Don't say that, don't you love me? Do it for me, wife.

She smiles and moves her hands onto my face. "I had a great life, High General Zer from Tzar, leader and the first man of Universe United Battalion, Ruler of the Exile Galaxy, Master of the 17 years war, Protector of the Relish, Gatherer of the last Tar-Zenirian, Father of my children." She whispers as she holds onto my face. She turns her head slowly towards me and pressed her lips to mine.

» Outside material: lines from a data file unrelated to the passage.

(* Let $\mathfrak M$ be a relational structure with domain $\Sigma$. For every $n\ge1$ and every relation $R\subseteq(\Sigma^* )^n$, $R$ is $MSO(\mathfrak M)$-definable if and only if the relation $\mu(R)=\{(\mu(w_1),\dots,\mu(w_n)):(w_1,\dots,w_n)\in R\}$ admits a reduction sequence with respect to $\mathfrak M_\#$ and $\mathfrak S_{<\omega}$.
   Context: Let $\mathfrak L$ be a relational language and $\mathfrak M$ an $\mathfrak L$-structure with domain $\Sigma$. Let $\#\notin\Sigma$ and let $\mathfrak M_\#$ be the $\mathfrak L_\#=\mathfrak L\cup\{P_\#\}$-structure with domain $\Sigma\cup\{\#\}$, every symbol of $\mathfrak L$ interpreted as in $\mathfrak M$ and $P_\#(x)$ holding iff $x=\#$. $MSO(\mathfrak M)$-definability: for $w=(w_1,\dots,w_n)\in(\Sigma^* )^n$, $\langle w\rangle$ is the word over $(\Sigma\cup\{\#\})^n$ of length $\max_i|w_i|$ obtained by right-padding each $w_i$ with $\#$'s and reading them in parallel; $\pi_j(\langle w\rangle)$ is its $j$-th component and $u[i]$ the $i$-th letter of $u$ (from $0$). To each first-order $\mathfrak L_\#$-formula $F$ with at least one free variable associate a unary predicate $\alpha_F$; $MSO(\mathfrak L)$ is monadic second-order logic over $\{<\}\cup\{\alpha_F\}$. $R$ is $MSO(\mathfrak M)$-definable if there is an $MSO(\mathfrak L)$-sentence $\psi$ such that $w\in R$ iff $\psi$ holds in the structure with domain $D=\{0,\dots,|\langle w\rangle|-1\}$, natural order $<$, and, for each $F$ with $n$ free variables, $\alpha_F(x)$ true iff $\mathfrak M_\#\models F(\pi_1(\langle w\rangle)[x],\dots,\pi_n(\langle w\rangle)[x])$. Weak power setting: let $W$ be the set of sequences $f:\omega\to\Sigma\cup\{\#\}$ with $f(i)\ne\#$ for only finitely many $i$. For $w\in\Sigma^*$, $\mu(w)\in W$ is the sequence $w\#^\omega$. $\mathfrak S_{<\omega}=(S^+(\omega);\subseteq,\ll)$ where $S^+(\omega)$ is the set of finite subsets of $\omega$, $\subseteq$ is inclusion, and $X\ll Y$ iff $X=\{m\}$, $Y=\{k\}$ with $m<k$. A relation $P\subseteq W^n$ admits a reduction sequence with respect to $\mathfrak M_\#$ and $\mathfrak S_{<\omega}$ if there are a first-order formula $G(X_1,\dots,X_l)$ in the language $\{\subseteq,\ll\}$ and first-order $\mathfrak L_\#$-formulas $\theta_1,\dots,\theta_l$ with $n$ free variables, such that $\mathfrak M_\#\models\neg\theta_i(\#,\dots,\#)$ for every $i$, and for every $(f_1,\dots,f_n)\in W^n$: $(f_1,\dots,f_n)\in P$ iff $\mathfrak S_{<\omega}\models G(T_1,\dots,T_l)$ where $T_i=\{x\in\omega:\mathfrak M_\#\models\theta_i(f_1(x),\dots,f_n(x))\}$. *)

theory Defs
  imports Main
begin

text \<open>The domain \<Sigma> of the structure M is modelled by a type 's; the extended domain
  \<Sigma> \<union> {#} is 's option, with None playing the role of #.
  A relational language is a type 'r of relation symbols with arities ar :: 'r \<Rightarrow> nat,
  and M interprets each symbol r by the relation I r (on lists of length ar r).\<close>

section \<open>First-order logic over L_# = L \<union> {P_#}, evaluated in M_#\<close>

datatype 'r fo =
    FRel 'r "nat list"
  | FHash nat
  | FEq nat nat
  | FNeg "'r fo"
  | FConj "'r fo" "'r fo"
  | FEx nat "'r fo"

fun fo_sat :: "('r \<Rightarrow> nat) \<Rightarrow> ('r \<Rightarrow> 's list \<Rightarrow> bool) \<Rightarrow> 'r fo \<Rightarrow> (nat \<Rightarrow> 's option) \<Rightarrow> bool" where
  "fo_sat ar I (FRel r vs) e =
     (length vs = ar r \<and> (\<forall>v\<in>set vs. e v \<noteq> None) \<and> I r (map (\<lambda>v. the (e v)) vs))"
| "fo_sat ar I (FHash v) e = (e v = None)"
| "fo_sat ar I (FEq u v) e = (e u = e v)"
| "fo_sat ar I (FNeg F) e = (\<not> fo_sat ar I F e)"
| "fo_sat ar I (FConj F G) e = (fo_sat ar I F e \<and> fo_sat ar I G e)"
| "fo_sat ar I (FEx v F) e = (\<exists>a. fo_sat ar I F (e(v := a)))"

fun fo_fv :: "'r fo \<Rightarrow> nat set" where
  "fo_fv (FRel r vs) = set vs"
| "fo_fv (FHash v) = {v}"
| "fo_fv (FEq u v) = {u, v}"
| "fo_fv (FNeg F) = fo_fv F"
| "fo_fv (FConj F G) = fo_fv F \<union> fo_fv G"
| "fo_fv (FEx v F) = fo_fv F - {v}"

definition mu :: "'s list \<Rightarrow> nat \<Rightarrow> 's option" where
  "mu w = (\<lambda>i. if i < length w then Some (w ! i) else None)"

definition conv_len :: "'s list list \<Rightarrow> nat" where
  "conv_len ws = foldr max (map length ws) 0"

text \<open>The letter of <w> at position x, i.e. (pi_1(<w>)[x], ..., pi_n(<w>)[x]),
  as an assignment of the first-order variables 0..n-1; other variables get #.\<close>
definition conv_letter :: "'s list list \<Rightarrow> nat \<Rightarrow> nat \<Rightarrow> 's option" where
  "conv_letter ws x = (\<lambda>j. if j < length ws then mu (ws ! j) x else None)"

datatype 'r mso =
    MLess nat nat
  | MAlpha "'r fo" nat
  | MIn nat nat
  | MNeg "'r mso"
  | MConj "'r mso" "'r mso"
  | MEx1 nat "'r mso"
  | MEx2 nat "'r mso"

fun mso_sat :: "('r \<Rightarrow> nat) \<Rightarrow> ('r \<Rightarrow> 's list \<Rightarrow> bool) \<Rightarrow> 's list list \<Rightarrow> 'r mso
    \<Rightarrow> (nat \<Rightarrow> nat) \<Rightarrow> (nat \<Rightarrow> nat set) \<Rightarrow> bool" where
  "mso_sat ar I ws (MLess x y) e1 e2 = (e1 x < e1 y)"
| "mso_sat ar I ws (MAlpha F x) e1 e2 = fo_sat ar I F (conv_letter ws (e1 x))"
| "mso_sat ar I ws (MIn x X) e1 e2 = (e1 x \<in> e2 X)"
| "mso_sat ar I ws (MNeg \<phi>) e1 e2 = (\<not> mso_sat ar I ws \<phi> e1 e2)"
| "mso_sat ar I ws (MConj \<phi> \<psi>) e1 e2 = (mso_sat ar I ws \<phi> e1 e2 \<and> mso_sat ar I ws \<psi> e1 e2)"
| "mso_sat ar I ws (MEx1 x \<phi>) e1 e2 = (\<exists>p < conv_len ws. mso_sat ar I ws \<phi> (e1(x := p)) e2)"
| "mso_sat ar I ws (MEx2 X \<phi>) e1 e2 =
     (\<exists>S \<subseteq> {..<conv_len ws}. mso_sat ar I ws \<phi> e1 (e2(X := S)))"

fun mso_fv1 :: "'r mso \<Rightarrow> nat set" where
  "mso_fv1 (MLess x y) = {x, y}"
| "mso_fv1 (MAlpha F x) = {x}"
| "mso_fv1 (MIn x X) = {x}"
| "mso_fv1 (MNeg \<phi>) = mso_fv1 \<phi>"
| "mso_fv1 (MConj \<phi> \<psi>) = mso_fv1 \<phi> \<union> mso_fv1 \<psi>"
| "mso_fv1 (MEx1 x \<phi>) = mso_fv1 \<phi> - {x}"
| "mso_fv1 (MEx2 X \<phi>) = mso_fv1 \<phi>"

fun mso_fv2 :: "'r mso \<Rightarrow> nat set" where
  "mso_fv2 (MLess x y) = {}"
| "mso_fv2 (MAlpha F x) = {}"
| "mso_fv2 (MIn x X) = {X}"
| "mso_fv2 (MNeg \<phi>) = mso_fv2 \<phi>"
| "mso_fv2 (MConj \<phi> \<psi>) = mso_fv2 \<phi> \<union> mso_fv2 \<psi>"
| "mso_fv2 (MEx1 x \<phi>) = mso_fv2 \<phi>"
| "mso_fv2 (MEx2 X \<phi>) = mso_fv2 \<phi> - {X}"

fun mso_alphas :: "'r mso \<Rightarrow> 'r fo set" where
  "mso_alphas (MLess x y) = {}"
| "mso_alphas (MAlpha F x) = {F}"
| "mso_alphas (MIn x X) = {}"
| "mso_alphas (MNeg \<phi>) = mso_alphas \<phi>"
| "mso_alphas (MConj \<phi> \<psi>) = mso_alphas \<phi> \<union> mso_alphas \<psi>"
| "mso_alphas (MEx1 x \<phi>) = mso_alphas \<phi>"
| "mso_alphas (MEx2 X \<phi>) = mso_alphas \<phi>"

definition mso_definable ::
    "('r \<Rightarrow> nat) \<Rightarrow> ('r \<Rightarrow> 's list \<Rightarrow> bool) \<Rightarrow> nat \<Rightarrow> 's list list set \<Rightarrow> bool" where
  "mso_definable ar I n R \<longleftrightarrow>
     (\<exists>\<psi> :: 'r mso. mso_fv1 \<psi> = {} \<and> mso_fv2 \<psi> = {} \<and>
        (\<forall>F\<in>mso_alphas \<psi>. fo_fv F \<noteq> {} \<and> fo_fv F \<subseteq> {..<n}) \<and>
        (\<forall>ws. length ws = n \<longrightarrow> (ws \<in> R \<longleftrightarrow> mso_sat ar I ws \<psi> (\<lambda>_. 0) (\<lambda>_. {}))))"

section \<open>The weak power setting and S_<omega = (finite subsets of omega; \<subseteq>, <<)\<close>

definition in_W :: "(nat \<Rightarrow> 's option) \<Rightarrow> bool" where
  "in_W f \<longleftrightarrow> finite {i. f i \<noteq> None}"

datatype sfo =
    SSub nat nat
  | SLL nat nat
  | SNeg sfo
  | SConj sfo sfo
  | SEx nat sfo

fun sfo_sat :: "sfo \<Rightarrow> (nat \<Rightarrow> nat set) \<Rightarrow> bool" where
  "sfo_sat (SSub X Y) e = (e X \<subseteq> e Y)"
| "sfo_sat (SLL X Y) e = (\<exists>m k. e X = {m} \<and> e Y = {k} \<and> m < k)"
| "sfo_sat (SNeg G) e = (\<not> sfo_sat G e)"
| "sfo_sat (SConj G H) e = (sfo_sat G e \<and> sfo_sat H e)"
| "sfo_sat (SEx X G) e = (\<exists>S. finite S \<and> sfo_sat G (e(X := S)))"

fun sfo_fv :: "sfo \<Rightarrow> nat set" where
  "sfo_fv (SSub X Y) = {X, Y}"
| "sfo_fv (SLL X Y) = {X, Y}"
| "sfo_fv (SNeg G) = sfo_fv G"
| "sfo_fv (SConj G H) = sfo_fv G \<union> sfo_fv H"
| "sfo_fv (SEx X G) = sfo_fv G - {X}"

definition admits_reduction_sequence ::
    "('r \<Rightarrow> nat) \<Rightarrow> ('r \<Rightarrow> 's list \<Rightarrow> bool) \<Rightarrow> nat \<Rightarrow> (nat \<Rightarrow> 's option) list set \<Rightarrow> bool" where
  "admits_reduction_sequence ar I n P \<longleftrightarrow>
     (\<exists>(G :: sfo) (\<theta>s :: 'r fo list).
        sfo_fv G \<subseteq> {..<length \<theta>s} \<and>
        (\<forall>\<theta>\<in>set \<theta>s. fo_fv \<theta> \<noteq> {} \<and> fo_fv \<theta> \<subseteq> {..<n} \<and> \<not> fo_sat ar I \<theta> (\<lambda>_. None)) \<and>
        (\<forall>fs. length fs = n \<longrightarrow> (\<forall>f\<in>set fs. in_W f) \<longrightarrow>
           (fs \<in> P \<longleftrightarrow>
            sfo_sat G (\<lambda>i. if i < length \<theta>s then
                 {x. fo_sat ar I (\<theta>s ! i) (\<lambda>j. if j < n then (fs ! j) x else None)}
               else {}))))"

end

theory Submission
  imports Defs
begin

I savor this kiss more than I savor her other kisses because deep down inside I know, this might be her last kiss.

"Would you lay down with me?" She asks me.

I nod and walk to the other side of the bed, I climb under the blanket and gently lay her on my chest, carefully, trying not to disturb her tubes, I hold her close to my heart. My whole body shudders from the fear of tomorrow, if she survives to see tomorrow.

"To have and to hold, from the first day forward, for better, for worse, for richer, for poorer, in sickness and in health, to love and cherish, until death does us apart."

It takes my whole strength not to shake her mad and demand her to stay and keep fighting for me. It takes my whole strength to stay still listening to her pairing vow without destroying half of this planet. It takes my whole strength not to run to the kitchen, get a knife and beg her to take me with her too. I love you, Katherine Jones from planet Earth. I have to tell her, one more time.

"I love you too, High General Zer from Tzar." She replies quietly.

I can tell that she fell asleep instantly, but I couldn't even wink. It doesn't take long for me to feel exactly when the rise and fall of her chest stopped, and I lie next to her unable to do anything. My whole body shakes as I hold hers tight. I yell out an anguished groan holding her lifeless body against me.

She came to me unexpectedly, and she walked out taking half of my soul, and my whole heart with her.

The moment she died, marks the beginning of me feeling dead inside. I love you Katherine, and I will always love you for the rest of my life.